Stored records
···

definition xlogxy :: "real \<Rightarrow> real \<Rightarrow> ereal" where
  "xlogxy x y = (if x = 0 then 0 else if y = 0 then \<infinity> else ereal (x * ln (x / y)))"

definition kl_bern :: "real \<Rightarrow> real \<Rightarrow> ereal" where
  "kl_bern p q = xlogxy p q + xlogxy (1 - p) (1 - q)"

end

theory Submission
  imports Defs
begin

text \<open>
  Strategy (Chernoff bound + exponential supermartingale + peeling + reflection):
  (1) Analytic facts: with the Bernoulli log-MGF bern_lmgf mu l = ln(1 - mu + mu e^l), a single
      tilt l certifies every x >= mu with d(x, mu) > c through l x - bern_lmgf mu l >= c
      (chernoff_level); Hoeffding's chord bound gives E exp(l X) <= exp(bern_lmgf mu l).
  (2) Probabilistic facts: since the sampling indicators are predictable and X_s is independent
      of the past, W_l(n) = exp(l S(n) - N(n) bern_lmgf mu l) is a nonnegative supermartingale
      with E W_l(n) <= 1, so P(W_l(n) >= a) <= 1/a (tilted_tail).
  (3) Peeling: slicing N(n) in [1, n] geometrically with ratio delta/(delta-1) yields at most
      ceil(delta log n) slices; on each slice one tilted process exceeds e^(delta-1), which
      bounds upper deviations by ceil(delta log n) e^(1-delta) (upper_deviation_bound).
  (4) Lower deviations are upper deviations of 1 - X; the union gives the factor 2.
      For delta <= 1 the bound exceeds 1 and is trivial.
\<close>

text \<open>Log moment generating function of a Bernoulli(mu) variable; it dominates the log-MGF of
  every [0,1]-valued variable with mean mu.\<close>
definition bern_lmgf :: "real \<Rightarrow> real \<Rightarrow> real" where
  "bern_lmgf \<mu> l = ln (1 - \<mu> + \<mu> * exp l)"
(* Let $\gamma_1,\gamma_2>0$ and consider the birth-death chain RDS $(\theta,\varphi)$ on $\mathbb{N}_0$ described in the context. For every $(x_0,y_0)\in\mathbb{N}_0^2$, the two-point motion $(\varphi^n_q(x_0),\varphi^n_q(y_0))_{n\in\mathbb{N}_0}$ reaches the thick diagonal $\mathbb{D}:=\{(x,y)\in\mathbb{N}_0^2: y\in\{x-1,x,x+1\}\}$ in finite time $\mathbb{P}$-almost surely, i.e. $\mathbb{P}\big(\exists n\geq0: (\varphi^n_q(x_0),\varphi^n_q(y_0))\in\mathbb{D}\big)=1$.
   Context: Noise space: $\mathcal{Q}_+=\{q=(q_n)_{n\in\mathbb{N}_0}: q_n\in[0,1]\}$ with the product Borel $\sigma$-algebra and the product measure $\mathbb{P}=\lambda^{\mathbb{N}_0}$, $\lambda$ Lebesgue measure on $[0,1]$; shift $\theta(q_0,q_1,\dots)=(q_1,q_2,\dots)$. For $q\in\mathcal{Q}_+$ define $f_q:\mathbb{N}_0\to\mathbb{N}_0$ by $f_q(x)=x+1$ if $q_0<\frac{\gamma_1}{\gamma_1+\gamma_2x}$ and $f_q(x)=x-1$ otherwise. The cocycle is $\varphi^0_q(x)=x$ and $\varphi^n_q(x)=f_{\theta^{n-1}q}\circ\cdots\circ f_q(x)$ for $n\geq1$. The pair $(\varphi^n_q(x_0),\varphi^n_q(y_0))_n$ with the same $q$ is called the two-point motion. *)

theory Defs
  imports "HOL-Probability.Probability"
begin

definition noise :: "(nat \<Rightarrow> real) measure" where
  "noise = (\<Pi>\<^sub>M n\<in>(UNIV::nat set). uniform_measure lborel {0..1::real})"

definition theta :: "(nat \<Rightarrow> real) \<Rightarrow> (nat \<Rightarrow> real)" where
  "theta q = (\<lambda>n. q (Suc n))"

text \<open>One step of the birth-death chain (x - 1 is truncated subtraction on nat;
  the only case where this matters, x = 0 and q 0 = 1, is a null event).\<close>
definition bd_step :: "real \<Rightarrow> real \<Rightarrow> (nat \<Rightarrow> real) \<Rightarrow> nat \<Rightarrow> nat" where
  "bd_step \<gamma>1 \<gamma>2 q x = (if q 0 < \<gamma>1 / (\<gamma>1 + \<gamma>2 * real x) then x + 1 else x - 1)"

fun bd_cocycle :: "real \<Rightarrow> real \<Rightarrow> nat \<Rightarrow> (nat \<Rightarrow> real) \<Rightarrow> nat \<Rightarrow> nat" where
  "bd_cocycle \<gamma>1 \<gamma>2 0 q x = x"
| "bd_cocycle \<gamma>1 \<gamma>2 (Suc n) q x = bd_step \<gamma>1 \<gamma>2 ((theta ^^ n) q) (bd_cocycle \<gamma>1 \<gamma>2 n q x)"

definition thick_diag :: "(nat \<times> nat) set" where
  "thick_diag = {(x, y). int y \<in> {int x - 1, int x, int x + 1}}"

end

theory Submission
  imports Defs
begin

text \<open>Let G x y be the probability that the two-point motion started at (x, y) never enters the
  thick diagonal, and let p z = \<gamma>1 / (\<gamma>1 + \<gamma>2 z) be the probability of an up-step at z.
  Conditioning on the first noise coordinate shows that G is harmonic for the two-point chain at
  every x + 2 \<le> y: both points are driven by the same uniform variable, so both move up
  (probability p y), the lower point moves up and the upper one down (probability p x - p y > 0),
  or both move down.  G vanishes on the thick diagonal and is bounded by 1.

  A maximum principle then forces G = 0.  If a subharmonic function attains its maximum over
  {x \<le> y} at a point, it also attains it after the move of positive weight p x - p y, which
  shrinks the gap; iterating, the maximum is attained on the thick diagonal or in a region y < B.
  As p y \<le> 1/2 for y \<ge> B = \<lceil>\<gamma>1 / \<gamma>2\<rceil>, the function y is superharmonic there, so
  G - \<epsilon> y is subharmonic for large y and tends to -\<infinity>; it therefore attains its maximum,
  whence G - \<epsilon> y \<le> max ({0} \<union> {G x y | y < B}).  Letting \<epsilon> \<rightarrow> 0, the supremum of G is
  attained in a finite region, so it propagates to the diagonal and is 0.\<close>

abbreviation unif01 :: "real measure" where
  "unif01 \<equiv> uniform_measure lborel {0..1}"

···

Exercise requirements » Write out each entry again, leaving every word as it is.

Response for this exercise »
definition xlogxy :: "real \<Rightarrow> real \<Rightarrow> ereal" where
  "xlogxy x y = (if x = 0 then 0 else if y = 0 then \<infinity> else ereal (x * ln (x / y)))"

definition kl_bern :: "real \<Rightarrow> real \<Rightarrow> ereal" where
  "kl_bern p q = xlogxy p q + xlogxy (1 - p) (1 - q)"

end

theory Submission
  imports Defs
begin

text \<open>
  Strategy (Chernoff bound + exponential supermartingale + peeling + reflection):
  (1) Analytic facts: with the Bernoulli log-MGF bern_lmgf mu l = ln(1 - mu + mu e^l), a single
      tilt l certifies every x >= mu with d(x, mu) > c through l x - bern_lmgf mu l >= c
      (chernoff_level); Hoeffding's chord bound gives E exp(l X) <= exp(bern_lmgf mu l).
  (2) Probabilistic facts: since the sampling indicators are predictable and X_s is independent
      of the past, W_l(n) = exp(l S(n) - N(n) bern_lmgf mu l) is a nonnegative supermartingale
      with E W_l(n) <= 1, so P(W_l(n) >= a) <= 1/a (tilted_tail).
  (3) Peeling: slicing N(n) in [1, n] geometrically with ratio delta/(delta-1) yields at most
      ceil(delta log n) slices; on each slice one tilted process exceeds e^(delta-1), which
      bounds upper deviations by ceil(delta log n) e^(1-delta) (upper_deviation_bound).
  (4) Lower deviations are upper deviations of 1 - X; the union gives the factor 2.
      For delta <= 1 the bound exceeds 1 and is trivial.
\<close>

text \<open>Log moment generating function of a Bernoulli(mu) variable; it dominates the log-MGF of
  every [0,1]-valued variable with mean mu.\<close>
definition bern_lmgf :: "real \<Rightarrow> real \<Rightarrow> real" where
  "bern_lmgf \<mu> l = ln (1 - \<mu> + \<mu> * exp l)"
(* Let $\gamma_1,\gamma_2>0$ and consider the birth-death chain RDS $(\theta,\varphi)$ on $\mathbb{N}_0$ described in the context. For every $(x_0,y_0)\in\mathbb{N}_0^2$, the two-point motion $(\varphi^n_q(x_0),\varphi^n_q(y_0))_{n\in\mathbb{N}_0}$ reaches the thick diagonal $\mathbb{D}:=\{(x,y)\in\mathbb{N}_0^2: y\in\{x-1,x,x+1\}\}$ in finite time $\mathbb{P}$-almost surely, i.e. $\mathbb{P}\big(\exists n\geq0: (\varphi^n_q(x_0),\varphi^n_q(y_0))\in\mathbb{D}\big)=1$.
   Context: Noise space: $\mathcal{Q}_+=\{q=(q_n)_{n\in\mathbb{N}_0}: q_n\in[0,1]\}$ with the product Borel $\sigma$-algebra and the product measure $\mathbb{P}=\lambda^{\mathbb{N}_0}$, $\lambda$ Lebesgue measure on $[0,1]$; shift $\theta(q_0,q_1,\dots)=(q_1,q_2,\dots)$. For $q\in\mathcal{Q}_+$ define $f_q:\mathbb{N}_0\to\mathbb{N}_0$ by $f_q(x)=x+1$ if $q_0<\frac{\gamma_1}{\gamma_1+\gamma_2x}$ and $f_q(x)=x-1$ otherwise. The cocycle is $\varphi^0_q(x)=x$ and $\varphi^n_q(x)=f_{\theta^{n-1}q}\circ\cdots\circ f_q(x)$ for $n\geq1$. The pair $(\varphi^n_q(x_0),\varphi^n_q(y_0))_n$ with the same $q$ is called the two-point motion. *)

theory Defs
  imports "HOL-Probability.Probability"
begin

definition noise :: "(nat \<Rightarrow> real) measure" where
  "noise = (\<Pi>\<^sub>M n\<in>(UNIV::nat set). uniform_measure lborel {0..1::real})"

definition theta :: "(nat \<Rightarrow> real) \<Rightarrow> (nat \<Rightarrow> real)" where
  "theta q = (\<lambda>n. q (Suc n))"

text \<open>One step of the birth-death chain (x - 1 is truncated subtraction on nat;
  the only case where this matters, x = 0 and q 0 = 1, is a null event).\<close>
definition bd_step :: "real \<Rightarrow> real \<Rightarrow> (nat \<Rightarrow> real) \<Rightarrow> nat \<Rightarrow> nat" where
  "bd_step \<gamma>1 \<gamma>2 q x = (if q 0 < \<gamma>1 / (\<gamma>1 + \<gamma>2 * real x) then x + 1 else x - 1)"

fun bd_cocycle :: "real \<Rightarrow> real \<Rightarrow> nat \<Rightarrow> (nat \<Rightarrow> real) \<Rightarrow> nat \<Rightarrow> nat" where
  "bd_cocycle \<gamma>1 \<gamma>2 0 q x = x"
| "bd_cocycle \<gamma>1 \<gamma>2 (Suc n) q x = bd_step \<gamma>1 \<gamma>2 ((theta ^^ n) q) (bd_cocycle \<gamma>1 \<gamma>2 n q x)"

definition thick_diag :: "(nat \<times> nat) set" where
  "thick_diag = {(x, y). int y \<in> {int x - 1, int x, int x + 1}}"

end

theory Submission
  imports Defs
begin

text \<open>Let G x y be the probability that the two-point motion started at (x, y) never enters the
  thick diagonal, and let p z = \<gamma>1 / (\<gamma>1 + \<gamma>2 z) be the probability of an up-step at z.
  Conditioning on the first noise coordinate shows that G is harmonic for the two-point chain at
  every x + 2 \<le> y: both points are driven by the same uniform variable, so both move up
  (probability p y), the lower point moves up and the upper one down (probability p x - p y > 0),
  or both move down.  G vanishes on the thick diagonal and is bounded by 1.

  A maximum principle then forces G = 0.  If a subharmonic function attains its maximum over
  {x \<le> y} at a point, it also attains it after the move of positive weight p x - p y, which
  shrinks the gap; iterating, the maximum is attained on the thick diagonal or in a region y < B.
  As p y \<le> 1/2 for y \<ge> B = \<lceil>\<gamma>1 / \<gamma>2\<rceil>, the function y is superharmonic there, so
  G - \<epsilon> y is subharmonic for large y and tends to -\<infinity>; it therefore attains its maximum,
  whence G - \<epsilon> y \<le> max ({0} \<union> {G x y | y < B}).  Letting \<epsilon> \<rightarrow> 0, the supremum of G is
  attained in a finite region, so it propagates to the diagonal and is 0.\<close>

abbreviation unif01 :: "real measure" where
  "unif01 \<equiv> uniform_measure lborel {0..1}"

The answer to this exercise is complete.